Work to be completed: What you return must be every line below that includes the word "real".

Saved data entries:

(* For all positive integers $p,q$, \[ L_e(p,q) \geq \sum_{i=1}^{\frac{(p-1)(p-2)}{2}+1} M_p(i)\, N_e(q)^i\, N_s(q)^{\frac{p(p-1)}{2}-i}\, 2^{\frac{pq(q-1)}{2}}. \]
   Context: All graphs are simple undirected labeled graphs on the vertex set $\{1,\dots,n\}$. For such a graph with adjacency matrix $W$ and degree matrix $D$, its Laplacian is $L = D - W$; if the graph has at least one edge, its normalized Laplacian matrix is $\frac{1}{\mathrm{Tr}(L)}L$, which is a density matrix (Hermitian, positive semidefinite, trace $1$). An $n\times n$ density matrix $\rho$ with $n=pq$ is separable in $\mathbb{C}^p\otimes\mathbb{C}^q$ if $\rho=\sum_i c_i\,\rho_i\otimes\eta_i$ (finite sum) where the $\rho_i$ are $p\times p$ density matrices, the $\eta_i$ are $q\times q$ density matrices, $c_i\ge 0$ and $\sum_i c_i=1$; otherwise it is entangled. $L_s(p,q)$ denotes the number of labeled graphs on $n=pq$ vertices with at least one edge whose normalized Laplacian matrix is separable in $\mathbb{C}^p\otimes\mathbb{C}^q$, and $L_e(p,q)$ the number of those whose normalized Laplacian is entangled; thus $L_s(p,q)+L_e(p,q)=L(pq):=2^{pq(pq-1)/2}-1$. A square matrix is line sum symmetric if for each $i$ its $i$-th row sum equals its $i$-th column sum. $N_s(n)$ denotes the number of $n\times n$ matrices with entries in $\{0,1\}$ that are line sum symmetric, and $N_e(n)=2^{n^2}-N_s(n)$ the number of $n\times n$ $0$-$1$ matrices that are not line sum symmetric. For positive integers $n$ and nonnegative integers $i$, $M_n(i)$ denotes the number of symmetric $n\times n$ matrices with entries in $\{0,1\}$, all diagonal entries $0$, exactly $2i$ nonzero entries, and at least one row containing exactly one entry equal to $1$ (equivalently, the number of labeled graphs on $n$ vertices with $i$ edges having at least one vertex of degree $1$). *)

theory Defs
  imports Complex_Main "HOL-Library.FuncSet"
begin

text \<open>An n x n complex matrix is represented by a function nat => nat => complex,
  only entries with indices < n are relevant (0-based indices).\<close>

definition hermitian_mat :: "nat \<Rightarrow> (nat \<Rightarrow> nat \<Rightarrow> complex) \<Rightarrow> bool" where
  "hermitian_mat n A \<longleftrightarrow> (\<forall>i<n. \<forall>j<n. A i j = cnj (A j i))"

definition psd_mat :: "nat \<Rightarrow> (nat \<Rightarrow> nat \<Rightarrow> complex) \<Rightarrow> bool" where
  "psd_mat n A \<longleftrightarrow> (\<forall>v :: nat \<Rightarrow> complex.
      Re (\<Sum>i<n. \<Sum>j<n. cnj (v i) * A i j * v j) \<ge> 0)"
(* Bilocal Classical Theory (BCT) is a digitizable theory. (In fact every nontrivial system of BCT can serve as obit.)
   Context: BCT is an operational probabilistic theory with the following structure. Systems: a trivial system and, for every integer $D>1$, exactly one system of size $D$. For a nontrivial system $\mathrm A$ of size $D_{\mathrm A}$, every state is a nonnegative combination of the $D_{\mathrm A}$ pure states $|i)_{\mathrm A}$, the vertices of the simplex of deterministic states. For nontrivial $\mathrm A,\mathrm B$, the composite $\mathrm{AB}$ has size $2D_{\mathrm A}D_{\mathrm B}$ with pure states $|(ij)_s)_{\mathrm{AB}}$, $s\in\{+,-\}$, $|i)\boxtimes|j)=\tfrac12\sum_s|(ij)_s)$, and $((ij)_{s_1}k)_{s_2}=(i(jk)_{s_1s_2})_{s_1}$. Transformations act linearly, and identity transformations are denoted $\mathcal I$. Channels $\mathcal C\in\mathsf{Tr}_1(\mathrm E\to\mathrm F)$ between nontrivial systems are exactly those for which, for each $j\in\{1,\dots,D_{\mathrm E}\}$, there is a probability distribution $\{\lambda^{(j)}_{m\tau}\}$ over $(m,\tau)\in\{1,\dots,D_{\mathrm F}\}\times\{\pm\}$ with $(\mathcal I_{\mathrm A}\boxtimes\mathcal C)|(ij)_s)_{\mathrm{AE}}=\sum_{m,\tau}\lambda^{(j)}_{m\tau}|(im)_{\tau s})_{\mathrm{AF}}$ for every system $\mathrm A$ (signs multiply as $\pm1$). $\mathrm X^{\boxtimes k}$ denotes the composite of $k$ copies of $\mathrm X$. Two systems $\mathrm A_1,\mathrm A_2$ are asymptotically equivalent if: (1) there are integers $k_1,k_2<\infty$ and channels $\mathcal E\in\mathsf{Tr}_1(\mathrm A_1^{\boxtimes k_1}\to\mathrm A_2^{\boxtimes k_2})$, $\mathcal D\in\mathsf{Tr}_1(\mathrm A_2^{\boxtimes k_2}\to\mathrm A_1^{\boxtimes k_1})$ with $\mathcal D\mathcal E=\mathcal I_{\mathrm A_1^{\boxtimes k_1}}$; (2) symmetrically there are $h_1,h_2$ and channels $\mathcal G\in\mathsf{Tr}_1(\mathrm A_2^{\boxtimes h_2}\to\mathrm A_1^{\boxtimes h_1})$, $\mathcal F\in\mathsf{Tr}_1(\mathrm A_1^{\boxtimes h_1}\to\mathrm A_2^{\boxtimes h_2})$ with $\mathcal F\mathcal G=\mathcal I_{\mathrm A_2^{\boxtimes h_2}}$; (3) letting $M_2^{\min}(k_1)$ be the smallest $k_2$ for which (1) holds given $k_1$, and $M_1^{\min}(h_2)$ the smallest $h_1$ for which (2) holds given $h_2$, there is $k$ with $\lim_{k_1\to\infty}M_2^{\min}(k_1)/k_1=k$ and $\lim_{h_2\to\infty}M_1^{\min}(h_2)/h_2=k^{-1}$. A theory is digitizable if there exists a system $\mathrm B$ (an obit) such that for every system $\mathrm X$ there are $k<\infty$ and channels $\mathcal C\in\mathsf{Tr}_1(\mathrm X\to\mathrm B^{\boxtimes k})$, $\mathcal F\in\mathsf{Tr}_1(\mathrm B^{\boxtimes k}\to\mathrm X)$ with $\mathcal F\mathcal C=\mathcal I_{\mathrm X}$, and moreover any two systems with this property are asymptotically equivalent. *)

theory Defs
  imports Complex_Main
begin

text \<open>Systems of BCT: a nontrivial system is identified by its size D (D \<ge> 2);
  there is exactly one system of each size. Pure states of a system of size D are
  indexed by 0..<D. Signs s \<in> {+,-} are encoded as bool, True = +.\<close>

definition sign_mult :: "bool \<Rightarrow> bool \<Rightarrow> bool" where
  "sign_mult \<tau> s = (\<tau> = s)"

text \<open>Size of the composite X^{\<boxtimes>k} of k copies of a system of size d
  (composite of sizes D_A, D_B has size 2 D_A D_B).\<close>
fun comp_pow :: "nat \<Rightarrow> nat \<Rightarrow> nat" where
  "comp_pow d 0 = 1"
| "comp_pow d (Suc 0) = d"
| "comp_pow d (Suc (Suc k)) = 2 * comp_pow d (Suc k) * d"

text \<open>A channel E \<rightarrow> F (sizes dE, dF) is given by the distributions
  C j m \<tau> = \<lambda>^{(j)}_{m\<tau>}, for j < dE, over (m,\<tau>) with m < dF.\<close>
definition channel :: "nat \<Rightarrow> nat \<Rightarrow> (nat \<Rightarrow> nat \<Rightarrow> bool \<Rightarrow> real) \<Rightarrow> bool" where
  "channel dE dF C \<longleftrightarrow> 2 \<le> dE \<and> 2 \<le> dF \<and>
     (\<forall>j<dE. (\<forall>m \<tau>. 0 \<le> C j m \<tau>) \<and> (\<forall>m \<tau>. dF \<le> m \<longrightarrow> C j m \<tau> = 0)
        \<and> (\<Sum>m<dF. \<Sum>\<tau>\<in>UNIV. C j m \<tau>) = 1)"

text \<open>Vectors on the state space of a composite AE: coefficients w.r.t. the pure
  states |(ij)_s). The pure state |(ij)_s) itself:\<close>
definition pure_vec :: "nat \<Rightarrow> nat \<Rightarrow> bool \<Rightarrow> (nat \<Rightarrow> nat \<Rightarrow> bool \<Rightarrow> real)" where
  "pure_vec i j s = (\<lambda>i' j' s'. if i' = i \<and> j' = j \<and> s' = s then 1 else 0)"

Answer space:
definition channel :: "nat \<Rightarrow> nat \<Rightarrow> (nat \<Rightarrow> nat \<Rightarrow> bool \<Rightarrow> real) \<Rightarrow> bool" where
definition pure_vec :: "nat \<Rightarrow> nat \<Rightarrow> bool \<Rightarrow> (nat \<Rightarrow> nat \<Rightarrow> bool \<Rightarrow> real)" where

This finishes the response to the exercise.